In order to do the same something simular in SQL-server you'd have to do
SELECT MIN(f1), f2, MIN(f3), MIN(f4) FROM t1 GROUP BY f2
-- valid SQL, but really a hack
The DB will now have to examine all results to find the minimum value, huffing and puffing.
f1, f3, f4 will most likely have no relation to each other and will not be from the same row.
If however you do:
SELECT id as `primary_key`, count(*) as rowcount, count(f2) as f2count, f2, f3, f4
FROM t1
GROUP BY id
All the rest of the fields will be functionally dependent on id.
Rowcount will always be 1, and f2count will be either 0 (if f2 is null) or 1.
On joins, where lots of tables are involved, in a 1-n configuration like so:
Example:
Website 1 -> n Topics 1 -> n Threads 1 -> n Posts 1 -> 1 Person.
And you do a complicated select involving all tables and just do a GROUP BY posts.id
Obviously all other fields are functionally dependent on posts.id (and ONLY on posts.id).
So it makes no sense to list more fields in the group by clause, or to force you to use aggregate functions.
In order to speed things up.

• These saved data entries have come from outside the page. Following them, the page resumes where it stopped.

(* There is $c_1>0$ (depending on $d,\gamma,\chi$) such that for all $N$ large enough, $$\inf_{x\in\partial B}P_x[H_G<H_\Delta]\ge c_1N^{\gamma-1},$$ where $G=\{x\in B:\mathrm{dist}(x,\partial B)\ge\chi N/2\}$.
   Context: Let $d\ge3$, $\gamma\in(\frac1{d-1},1)$, $\chi\in(0,\frac14)$. Identify $\mathbb T_N^d$ with $\{0,\dots,N-1\}^d$. Let $L=2N^\gamma+\chi N$, $B=\bigcup_{x\in[L,N-L]^d\cap\mathbb Z^d}B(x,\chi N)$ (Euclidean balls), $\Delta=\big(\bigcup_{x\in B}B(x,N^\gamma)\big)^c$, as subsets of $\mathbb T_N^d$. $\partial K=\{x\in K:\exists y\notin K,|x-y|=1\}$; $\mathrm{dist}$ is Euclidean distance. $P_x$ is the law of simple random walk on $\mathbb T_N^d$ started at $x$, $H_K=\inf\{k\ge0:X_k\in K\}$. *)

theory Defs
  imports "HOL-Probability.Probability"
begin

text \<open>Discrete torus T_N^d, identified with {0,...,N-1}^d; points are functions
  nat => int, with coordinates i < d in {0..N-1} and coordinates i >= d equal to 0.\<close>

definition torus :: "nat \<Rightarrow> nat \<Rightarrow> (nat \<Rightarrow> int) set" where
  "torus N d = {x. (\<forall>i<d. 0 \<le> x i \<and> x i < int N) \<and> (\<forall>i\<ge>d. x i = 0)}"

definition tdist :: "nat \<Rightarrow> nat \<Rightarrow> (nat \<Rightarrow> int) \<Rightarrow> (nat \<Rightarrow> int) \<Rightarrow> real" where
  "tdist N d x y = sqrt (\<Sum>i<d. (real_of_int (min \<bar>x i - y i\<bar> (int N - \<bar>x i - y i\<bar>)))\<^sup>2)"

definition tball :: "nat \<Rightarrow> nat \<Rightarrow> (nat \<Rightarrow> int) \<Rightarrow> real \<Rightarrow> (nat \<Rightarrow> int) set" where
  "tball N d x r = {y \<in> torus N d. tdist N d x y \<le> r}"

definition tbdry :: "nat \<Rightarrow> nat \<Rightarrow> (nat \<Rightarrow> int) set \<Rightarrow> (nat \<Rightarrow> int) set" where
  "tbdry N d K = {x \<in> K. \<exists>y \<in> torus N d - K. tdist N d x y = 1}"

definition tsetdist :: "nat \<Rightarrow> nat \<Rightarrow> (nat \<Rightarrow> int) \<Rightarrow> (nat \<Rightarrow> int) set \<Rightarrow> real" where
  "tsetdist N d x K = Inf (tdist N d x ` K)"

definition Lval :: "real \<Rightarrow> real \<Rightarrow> nat \<Rightarrow> real" where
  "Lval \<gamma> chi N = 2 * real N powr \<gamma> + chi * real N"

definition centers :: "nat \<Rightarrow> real \<Rightarrow> real \<Rightarrow> nat \<Rightarrow> (nat \<Rightarrow> int) set" where
  "centers d \<gamma> chi N = {x \<in> torus N d. \<forall>i<d. Lval \<gamma> chi N \<le> real_of_int (x i)
                                        \<and> real_of_int (x i) \<le> real N - Lval \<gamma> chi N}"

definition Bset :: "nat \<Rightarrow> real \<Rightarrow> real \<Rightarrow> nat \<Rightarrow> (nat \<Rightarrow> int) set" where
  "Bset d \<gamma> chi N = (\<Union>x \<in> centers d \<gamma> chi N. tball N d x (chi * real N))"

definition Delta :: "nat \<Rightarrow> real \<Rightarrow> real \<Rightarrow> nat \<Rightarrow> (nat \<Rightarrow> int) set" where
  "Delta d \<gamma> chi N = torus N d - (\<Union>x \<in> Bset d \<gamma> chi N. tball N d x (real N powr \<gamma>))"

definition Gset :: "nat \<Rightarrow> real \<Rightarrow> real \<Rightarrow> nat \<Rightarrow> (nat \<Rightarrow> int) set" where
  "Gset d \<gamma> chi N = {x \<in> Bset d \<gamma> chi N.
      tsetdist N d x (tbdry N d (Bset d \<gamma> chi N)) \<ge> chi * real N / 2}"

definition unit_steps :: "nat \<Rightarrow> (nat \<Rightarrow> int) set" where
  "unit_steps d = {(\<lambda>j. if j = i then s else 0) | i s. i < d \<and> (s = 1 \<or> s = -1)}"

definition walk_space :: "nat \<Rightarrow> (nat \<Rightarrow> nat \<Rightarrow> int) measure" where
  "walk_space d = PiM (UNIV::nat set) (\<lambda>_. measure_pmf (pmf_of_set (unit_steps d)))"

definition walk_pos :: "nat \<Rightarrow> (nat \<Rightarrow> int) \<Rightarrow> (nat \<Rightarrow> nat \<Rightarrow> int) \<Rightarrow> nat \<Rightarrow> (nat \<Rightarrow> int)" where
  "walk_pos N x \<omega> k = (\<lambda>i. (x i + (\<Sum>j<k. \<omega> j i)) mod int N)"
end
lemma realizes_similar:
  assumes "similar_mat A B" and "realizes B ls"
  shows "realizes A ls"
proof -
  let ?n = "length ls"
  have B: "B \<in> carrier_mat ?n ?n" using assms(2) by (rule realizes_carrier)
  then have A: "A \<in> carrier_mat ?n ?n"
    using similar_matD[OF assms(1)] by (metis carrier_matD(1) insert_subset)
  have "char_poly (map_mat complex_of_real A) = map_poly complex_of_real (char_poly A)"
    by (rule of_real_hom.char_poly_hom[OF A])
  also have "char_poly A = char_poly B" using assms(1) by (rule char_poly_similar)
  also have "map_poly complex_of_real (char_poly B) = char_poly (map_mat complex_of_real B)"
    by (rule of_real_hom.char_poly_hom[OF B, symmetric])
  finally show ?thesis using A assms(2) by (simp add: realizes_def)
qed

lemma realizes_block_mat:
  assumes "realizes S lams" and "realizes C mus" and "length mus = length lams"
  shows "realizes (block_mat S C k) (lams @ map (\<lambda>m. complex_of_real k * m) mus)"
proof -
  let ?n = "length lams"
  have S: "S \<in> carrier_mat ?n ?n" and C: "C \<in> carrier_mat ?n ?n"
    using assms by (auto dest: realizes_carrier)
  have "realizes (four_block_mat S (0\<^sub>m ?n ?n) (0\<^sub>m ?n ?n) (k \<cdot>\<^sub>m C))
      (lams @ map (\<lambda>m. complex_of_real k * m) mus)"
    using realizes_four_block_diag[OF assms(1) realizes_smult[OF assms(2)]] assms(3) by simp
  with similar_block_mat_four_block_diag[OF S C] show ?thesis by (rule realizes_similar)
qed

lemma nonneg_block_mat:
  assumes "S \<in> carrier_mat n n"
    and "\<And>i j. i < n \<Longrightarrow> j < n \<Longrightarrow> 0 \<le> S $$ (i,j) + k * C $$ (i,j) \<and> 0 \<le> S $$ (i,j) - k * C $$ (i,j)"
  shows "nonneg_mat (block_mat S C k)"
proof -
  have "0 \<le> block_mat S C k $$ (p,q)" if "p < 2*n" "q < 2*n" for p q
  proof -
    have "p div 2 < n" "q div 2 < n" using that by auto
    with assms(2)[OF this] show ?thesis using that assms(1) by (simp add: block_mat_def)
  qed
  then show ?thesis using assms(1) by (simp add: nonneg_mat_def block_mat_def)
qed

MySQL does not force you to do this.
But you do need to understand the concept of functional dependency and the relations in the tables and the join you've written, so it puts a pot of burden on the programmer.
However using:
SELECT
posts.id, MIN(posts.f2)
,MIN(threads.id), min(threads.other)
,MIN(topics.id), ....
,MIN(website.id), .....
,MIN(Person.id), ...
FROM posts p
INNER JOIN threads t on (p.thread_id = t.id)
INNER JOIN topic to on (t.topic_id = to.id)
INNER JOIN website w ON (w.id = to.website_id)
INNER JOIN person pe ON (pe.id = p.person_id)
GROUP BY posts.id //NEVER MIND THE SYNTAX ERROR WITH THE ALIASES
Puts exactly the same mental burden on the programmer.
All the big DBMSs have their own flavours and extensions; otherwise why would there ever be more than one of them?
Following the SQL Standards stringently is nice and all, but providing extensions with more functionality is even better. The quote from the documentation explains how this functionality is useful.
There isn't much of a conflict in this case, so I don't really see the issue.